→ **YOUR TASK**
Every line below that holds "Iint" must be copied.
:: DATA SHOWN
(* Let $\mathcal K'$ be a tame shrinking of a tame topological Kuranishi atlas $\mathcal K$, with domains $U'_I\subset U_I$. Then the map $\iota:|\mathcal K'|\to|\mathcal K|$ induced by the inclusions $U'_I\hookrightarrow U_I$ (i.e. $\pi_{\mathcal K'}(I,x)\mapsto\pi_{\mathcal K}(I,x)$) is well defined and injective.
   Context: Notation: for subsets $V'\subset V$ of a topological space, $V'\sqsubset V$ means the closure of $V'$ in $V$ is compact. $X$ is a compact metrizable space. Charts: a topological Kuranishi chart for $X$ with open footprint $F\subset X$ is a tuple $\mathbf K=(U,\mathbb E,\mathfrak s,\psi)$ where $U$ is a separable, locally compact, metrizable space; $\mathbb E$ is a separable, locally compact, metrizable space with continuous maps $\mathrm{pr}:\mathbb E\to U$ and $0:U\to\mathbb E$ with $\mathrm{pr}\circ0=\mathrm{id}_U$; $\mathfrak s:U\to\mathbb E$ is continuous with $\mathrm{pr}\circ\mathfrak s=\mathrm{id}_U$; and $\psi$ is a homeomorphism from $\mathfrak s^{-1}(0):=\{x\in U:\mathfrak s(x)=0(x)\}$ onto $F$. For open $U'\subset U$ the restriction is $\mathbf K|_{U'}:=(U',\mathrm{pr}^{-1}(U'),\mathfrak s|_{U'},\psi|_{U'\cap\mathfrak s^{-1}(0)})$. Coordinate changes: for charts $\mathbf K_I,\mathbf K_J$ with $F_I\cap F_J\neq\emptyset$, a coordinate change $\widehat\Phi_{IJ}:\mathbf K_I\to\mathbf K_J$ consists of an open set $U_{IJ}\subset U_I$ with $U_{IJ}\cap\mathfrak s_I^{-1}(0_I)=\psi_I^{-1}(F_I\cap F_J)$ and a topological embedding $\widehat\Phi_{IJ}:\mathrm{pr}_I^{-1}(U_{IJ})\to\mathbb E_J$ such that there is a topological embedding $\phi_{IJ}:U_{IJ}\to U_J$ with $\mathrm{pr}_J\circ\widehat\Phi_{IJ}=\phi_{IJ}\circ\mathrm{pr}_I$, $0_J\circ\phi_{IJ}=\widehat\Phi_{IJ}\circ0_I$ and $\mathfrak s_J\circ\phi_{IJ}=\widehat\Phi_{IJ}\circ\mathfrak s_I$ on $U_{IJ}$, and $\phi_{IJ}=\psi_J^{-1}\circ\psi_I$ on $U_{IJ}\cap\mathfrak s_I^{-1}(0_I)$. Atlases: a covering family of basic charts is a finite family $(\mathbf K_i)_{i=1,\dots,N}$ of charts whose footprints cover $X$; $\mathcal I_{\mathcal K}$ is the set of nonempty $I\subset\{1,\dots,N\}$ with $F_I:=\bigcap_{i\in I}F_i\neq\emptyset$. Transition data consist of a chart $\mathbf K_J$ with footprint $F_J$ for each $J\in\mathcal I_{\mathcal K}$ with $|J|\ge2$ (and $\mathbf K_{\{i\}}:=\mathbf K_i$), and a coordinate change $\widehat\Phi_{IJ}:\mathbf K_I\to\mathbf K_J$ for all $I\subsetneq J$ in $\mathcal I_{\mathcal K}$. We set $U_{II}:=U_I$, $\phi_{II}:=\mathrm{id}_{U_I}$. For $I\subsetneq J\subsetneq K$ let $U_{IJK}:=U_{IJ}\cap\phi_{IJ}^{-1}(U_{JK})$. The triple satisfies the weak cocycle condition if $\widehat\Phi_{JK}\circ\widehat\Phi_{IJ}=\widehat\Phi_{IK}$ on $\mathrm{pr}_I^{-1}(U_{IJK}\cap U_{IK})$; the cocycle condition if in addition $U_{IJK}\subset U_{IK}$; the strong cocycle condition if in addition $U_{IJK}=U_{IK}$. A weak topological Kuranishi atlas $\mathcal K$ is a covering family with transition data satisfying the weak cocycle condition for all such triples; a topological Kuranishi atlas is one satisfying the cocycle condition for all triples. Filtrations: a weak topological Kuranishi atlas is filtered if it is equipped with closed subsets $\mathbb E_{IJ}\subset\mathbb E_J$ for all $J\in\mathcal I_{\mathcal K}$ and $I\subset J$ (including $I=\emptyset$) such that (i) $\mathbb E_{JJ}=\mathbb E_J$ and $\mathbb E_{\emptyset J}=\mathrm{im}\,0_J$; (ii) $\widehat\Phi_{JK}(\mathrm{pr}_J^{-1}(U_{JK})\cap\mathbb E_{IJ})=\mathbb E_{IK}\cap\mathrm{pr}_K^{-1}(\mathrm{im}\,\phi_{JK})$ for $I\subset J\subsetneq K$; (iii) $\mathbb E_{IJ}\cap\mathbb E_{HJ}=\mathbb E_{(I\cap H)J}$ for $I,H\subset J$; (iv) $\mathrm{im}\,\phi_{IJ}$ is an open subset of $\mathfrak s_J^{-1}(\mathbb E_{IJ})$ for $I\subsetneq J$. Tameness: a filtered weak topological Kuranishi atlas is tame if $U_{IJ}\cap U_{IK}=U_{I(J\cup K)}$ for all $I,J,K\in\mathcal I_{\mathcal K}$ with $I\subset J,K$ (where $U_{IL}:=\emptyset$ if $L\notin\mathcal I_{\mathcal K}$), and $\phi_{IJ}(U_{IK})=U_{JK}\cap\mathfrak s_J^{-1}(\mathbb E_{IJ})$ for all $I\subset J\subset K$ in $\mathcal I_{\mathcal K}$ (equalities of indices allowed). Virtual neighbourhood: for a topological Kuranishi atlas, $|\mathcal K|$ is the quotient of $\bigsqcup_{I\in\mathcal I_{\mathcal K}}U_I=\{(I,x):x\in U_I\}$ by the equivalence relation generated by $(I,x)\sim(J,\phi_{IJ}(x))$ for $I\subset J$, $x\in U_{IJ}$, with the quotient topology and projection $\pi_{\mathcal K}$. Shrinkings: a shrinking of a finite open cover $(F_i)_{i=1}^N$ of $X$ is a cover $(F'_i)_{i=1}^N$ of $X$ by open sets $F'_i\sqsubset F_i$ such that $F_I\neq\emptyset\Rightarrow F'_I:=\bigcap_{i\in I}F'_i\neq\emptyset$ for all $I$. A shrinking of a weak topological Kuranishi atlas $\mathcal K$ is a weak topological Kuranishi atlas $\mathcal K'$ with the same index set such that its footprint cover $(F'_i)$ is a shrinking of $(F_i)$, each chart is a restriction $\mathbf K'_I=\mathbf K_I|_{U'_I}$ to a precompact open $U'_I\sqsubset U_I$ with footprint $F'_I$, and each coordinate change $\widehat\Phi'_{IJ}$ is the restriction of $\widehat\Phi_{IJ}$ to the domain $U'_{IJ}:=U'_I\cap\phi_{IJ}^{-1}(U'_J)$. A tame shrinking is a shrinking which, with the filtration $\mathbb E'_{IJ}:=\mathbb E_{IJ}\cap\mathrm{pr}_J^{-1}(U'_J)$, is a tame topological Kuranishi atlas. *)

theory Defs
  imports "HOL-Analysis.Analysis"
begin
::::
:: DATA SHOWN
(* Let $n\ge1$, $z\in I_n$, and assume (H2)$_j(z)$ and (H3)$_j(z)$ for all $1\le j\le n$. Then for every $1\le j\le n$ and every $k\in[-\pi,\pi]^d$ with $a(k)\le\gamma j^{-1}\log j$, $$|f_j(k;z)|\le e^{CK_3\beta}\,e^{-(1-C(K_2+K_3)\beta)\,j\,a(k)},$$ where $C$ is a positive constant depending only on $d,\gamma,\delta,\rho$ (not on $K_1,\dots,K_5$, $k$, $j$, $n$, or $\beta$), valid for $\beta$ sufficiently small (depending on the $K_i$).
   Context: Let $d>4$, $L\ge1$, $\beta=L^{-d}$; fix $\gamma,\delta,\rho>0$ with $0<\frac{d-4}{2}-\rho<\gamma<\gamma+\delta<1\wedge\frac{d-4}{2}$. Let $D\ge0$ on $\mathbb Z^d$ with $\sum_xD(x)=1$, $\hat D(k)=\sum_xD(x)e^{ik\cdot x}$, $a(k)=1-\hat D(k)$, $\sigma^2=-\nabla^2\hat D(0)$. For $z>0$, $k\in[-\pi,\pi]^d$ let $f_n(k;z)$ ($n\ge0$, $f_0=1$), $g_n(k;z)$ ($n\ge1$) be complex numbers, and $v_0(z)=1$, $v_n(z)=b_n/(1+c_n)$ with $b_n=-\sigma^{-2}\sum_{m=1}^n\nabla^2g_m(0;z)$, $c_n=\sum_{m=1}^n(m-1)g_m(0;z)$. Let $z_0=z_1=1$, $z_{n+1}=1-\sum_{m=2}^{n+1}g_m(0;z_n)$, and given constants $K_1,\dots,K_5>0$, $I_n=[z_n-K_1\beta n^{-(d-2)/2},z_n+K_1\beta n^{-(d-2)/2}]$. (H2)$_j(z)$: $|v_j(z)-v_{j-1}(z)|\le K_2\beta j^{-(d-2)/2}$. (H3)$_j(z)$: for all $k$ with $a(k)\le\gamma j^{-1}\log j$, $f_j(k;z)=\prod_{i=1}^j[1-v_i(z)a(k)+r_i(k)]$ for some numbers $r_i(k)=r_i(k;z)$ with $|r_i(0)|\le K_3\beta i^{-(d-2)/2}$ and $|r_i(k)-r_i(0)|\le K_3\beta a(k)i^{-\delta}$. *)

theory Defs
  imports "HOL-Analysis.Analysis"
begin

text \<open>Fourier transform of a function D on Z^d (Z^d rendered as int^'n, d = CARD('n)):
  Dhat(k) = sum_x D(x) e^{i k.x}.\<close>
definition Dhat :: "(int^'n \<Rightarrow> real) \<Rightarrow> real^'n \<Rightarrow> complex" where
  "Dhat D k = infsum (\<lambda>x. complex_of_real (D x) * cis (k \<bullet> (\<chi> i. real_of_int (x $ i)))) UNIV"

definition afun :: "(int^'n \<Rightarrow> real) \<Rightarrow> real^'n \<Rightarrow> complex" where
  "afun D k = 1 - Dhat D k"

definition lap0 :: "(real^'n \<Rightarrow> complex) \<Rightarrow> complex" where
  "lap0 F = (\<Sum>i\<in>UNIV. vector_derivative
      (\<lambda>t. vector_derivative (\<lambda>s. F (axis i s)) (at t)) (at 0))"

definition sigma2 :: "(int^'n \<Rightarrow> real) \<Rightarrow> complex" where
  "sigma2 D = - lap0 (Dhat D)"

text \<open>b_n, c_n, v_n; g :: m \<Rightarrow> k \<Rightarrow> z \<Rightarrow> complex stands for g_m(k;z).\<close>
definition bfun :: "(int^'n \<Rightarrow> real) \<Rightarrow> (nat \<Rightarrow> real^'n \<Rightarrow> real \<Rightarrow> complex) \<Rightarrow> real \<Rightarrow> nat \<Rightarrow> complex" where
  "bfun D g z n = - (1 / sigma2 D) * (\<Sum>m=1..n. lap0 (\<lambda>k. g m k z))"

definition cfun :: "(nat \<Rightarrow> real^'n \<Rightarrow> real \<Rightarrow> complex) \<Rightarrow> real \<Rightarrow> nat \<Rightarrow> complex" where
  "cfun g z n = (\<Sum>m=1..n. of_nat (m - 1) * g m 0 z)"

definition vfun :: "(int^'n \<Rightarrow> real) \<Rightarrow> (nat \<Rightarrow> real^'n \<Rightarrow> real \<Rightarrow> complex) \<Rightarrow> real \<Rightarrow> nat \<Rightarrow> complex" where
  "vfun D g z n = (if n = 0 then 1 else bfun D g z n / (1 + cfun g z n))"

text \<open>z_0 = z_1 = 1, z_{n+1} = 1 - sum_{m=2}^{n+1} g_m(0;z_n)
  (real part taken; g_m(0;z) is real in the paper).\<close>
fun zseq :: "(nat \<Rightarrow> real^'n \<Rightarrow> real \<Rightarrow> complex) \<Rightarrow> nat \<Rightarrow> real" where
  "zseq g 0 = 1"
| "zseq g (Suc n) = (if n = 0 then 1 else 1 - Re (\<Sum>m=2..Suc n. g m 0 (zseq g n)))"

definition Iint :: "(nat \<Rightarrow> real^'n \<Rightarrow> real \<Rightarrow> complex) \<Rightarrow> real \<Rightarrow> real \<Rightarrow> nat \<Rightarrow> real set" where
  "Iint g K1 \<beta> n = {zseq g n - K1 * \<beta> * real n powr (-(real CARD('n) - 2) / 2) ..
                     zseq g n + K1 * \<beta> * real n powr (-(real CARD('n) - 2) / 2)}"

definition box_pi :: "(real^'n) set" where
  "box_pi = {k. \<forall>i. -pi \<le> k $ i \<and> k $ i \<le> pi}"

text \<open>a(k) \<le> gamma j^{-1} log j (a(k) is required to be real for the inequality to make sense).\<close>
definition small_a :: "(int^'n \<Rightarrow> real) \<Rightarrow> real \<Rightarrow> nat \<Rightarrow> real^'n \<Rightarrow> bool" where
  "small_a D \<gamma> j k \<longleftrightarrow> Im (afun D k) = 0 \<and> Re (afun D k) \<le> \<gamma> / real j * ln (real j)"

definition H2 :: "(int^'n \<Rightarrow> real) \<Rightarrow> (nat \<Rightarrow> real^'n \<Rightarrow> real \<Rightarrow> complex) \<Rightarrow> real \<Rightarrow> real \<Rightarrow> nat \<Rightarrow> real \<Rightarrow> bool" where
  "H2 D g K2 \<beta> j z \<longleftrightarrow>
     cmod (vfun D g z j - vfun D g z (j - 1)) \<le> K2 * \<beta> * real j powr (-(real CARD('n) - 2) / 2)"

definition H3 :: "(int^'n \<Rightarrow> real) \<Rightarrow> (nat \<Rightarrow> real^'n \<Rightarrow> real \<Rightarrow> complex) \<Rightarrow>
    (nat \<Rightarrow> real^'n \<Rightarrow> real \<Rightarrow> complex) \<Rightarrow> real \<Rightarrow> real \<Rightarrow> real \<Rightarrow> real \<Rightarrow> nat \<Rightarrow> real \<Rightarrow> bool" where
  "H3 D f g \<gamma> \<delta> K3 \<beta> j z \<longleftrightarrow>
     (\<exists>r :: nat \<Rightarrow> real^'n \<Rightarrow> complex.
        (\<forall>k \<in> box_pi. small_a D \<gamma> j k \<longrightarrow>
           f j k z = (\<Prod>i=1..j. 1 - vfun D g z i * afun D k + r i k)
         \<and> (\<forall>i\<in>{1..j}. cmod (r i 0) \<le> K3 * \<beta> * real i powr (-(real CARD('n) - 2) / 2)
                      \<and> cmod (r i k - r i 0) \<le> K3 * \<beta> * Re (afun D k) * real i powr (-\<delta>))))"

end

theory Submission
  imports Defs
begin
::::
→ **WRITTEN SOLUTION**
definition Iint :: "(nat \<Rightarrow> real^'n \<Rightarrow> real \<Rightarrow> complex) \<Rightarrow> real \<Rightarrow> real \<Rightarrow> nat \<Rightarrow> real set" where
  "Iint g K1 \<beta> n = {zseq g n - K1 * \<beta> * real n powr (-(real CARD('n) - 2) / 2) ..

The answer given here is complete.